● INPUT DATA:
(* The pca $\mathcal{E}$ of c.e. sets does not embed in $\mathcal{K}_2^{\mathrm{eff}}$.
   Context: A pca is a set with a partial binary application operation containing distinct $\mathrm{s},\mathrm{k}$ with $\mathrm{k}ab\downarrow=a$, $\mathrm{s}ab\downarrow$, $\mathrm{s}abc\simeq(ac)(bc)$. An embedding of pcas is an injective map $f$ with: if $ab$ is defined then $f(a)f(b)$ is defined and equals $f(ab)$. $\mathcal{E}$: the c.e. subsets of $\omega$ with application $A\cdot B=\{n:\exists u\,(\langle n,u\rangle\in A\wedge D_u\subseteq B)\}$, where $\langle\cdot,\cdot\rangle$ is a bijective computable pairing with $\langle 0,0\rangle=0$ and $D_u$ is the finite set with canonical code $u$. $\mathcal{K}_2^{\mathrm{eff}}$: elements are the total computable functions $g:\omega\to\omega$, with $g\cdot h$ the function $n\mapsto\Phi^{g\oplus h}_{g(0)}(n)$ ($\Phi_e$ the $e$-th Turing functional, $(g\oplus h)(2n)=g(n)$, $(g\oplus h)(2n+1)=h(n)$), defined if and only if this function is total. *)

theory Defs
  imports Main "HOL-Library.Countable" "HOL-Library.Nat_Bijection"
begin

datatype prog =
    Zero
  | Succ
  | Proj nat
  | Orc                      \<comment> \<open>unary oracle call: x \<mapsto> \<alpha> x\<close>
  | Comp prog "prog list"
  | PrimRec prog prog
  | Mu prog

instance prog :: countable by countable_datatype
lemma not_gradient_field_X1: "\<not> is_gradient_field g1 X1"
proof
  assume "is_gradient_field g1 X1"
  then obtain f where diff: "\<forall>q. f differentiable (at q)"
    and grad: "\<forall>p. X1 p = grad g1 f p"
    unfolding is_gradient_field_def by blast
  have dx: "partial 1 f p = 2 * (p$3 * sin (2 * p$2) - p$1 * cos (2 * p$2))"
    and dy: "partial 2 f p = 0" for p
    using partial_eq_X1_flat[OF grad[rule_format, of p]]
    by (simp_all add: sum_3 X1_component g1_eq_coeff g1_coeff_def algebra_simps)
  have const_y: "f (a *\<^sub>R axis 1 1 + b *\<^sub>R axis 2 1) = f (a *\<^sub>R axis 1 1)" for a b
    using diff_along_axis_eq_antiderivative[OF diff, of 2 "a *\<^sub>R axis 1 1" "\<lambda>_. 0" "\<lambda>_. 0" b]
    by (simp add: dy)
  have step_x: "f (b *\<^sub>R axis 2 1 + axis 1 1) - f (b *\<^sub>R axis 2 1) = - cos (2*b)" for b
  proof -
    have "partial 1 f (b *\<^sub>R axis 2 1 + s *\<^sub>R axis 1 1) = - 2 * s * cos (2*b)" for s
      by (simp add: dx axis_def)
    moreover have "((\<lambda>s. - s\<^sup>2 * cos (2*b)) has_real_derivative - 2 * s * cos (2*b)) (at s)" for s
      by (auto intro!: derivative_eq_intros)
    ultimately show ?thesis
      using diff_along_axis_eq_antiderivative[OF diff, of 1 "b *\<^sub>R axis 2 1"
          "\<lambda>s. - 2 * s * cos (2*b)" "\<lambda>s. - s\<^sup>2 * cos (2*b)" 1]
      by simp
  qed
  have "- cos (2*b) = f (axis 1 1) - f 0" for b
    using step_x[of b] const_y[of 1 b] const_y[of 0 b] by (simp add: add.commute)
  from this[of 0] this[of "pi/2"] show False by simp
qed

theorem theorem4p1:
  shows "ricci_soliton g1 X1 (-4) \<and> \<not> is_gradient_field g1 X1"
  using ricci_soliton_g1_X1 not_gradient_field_X1 by blast

end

● WHAT THE TASK ASKS: Could you print, exactly and with nothing else, the lines from the one containing "using step_x[of b]" through the last line of the records above?

● REPLY:
    using step_x[of b] const_y[of 1 b] const_y[of 0 b] by (simp add: add.commute)
  from this[of 0] this[of "pi/2"] show False by simp
qed

theorem theorem4p1:
  shows "ricci_soliton g1 X1 (-4) \<and> \<not> is_gradient_field g1 X1"
  using ricci_soliton_g1_X1 not_gradient_field_X1 by blast

end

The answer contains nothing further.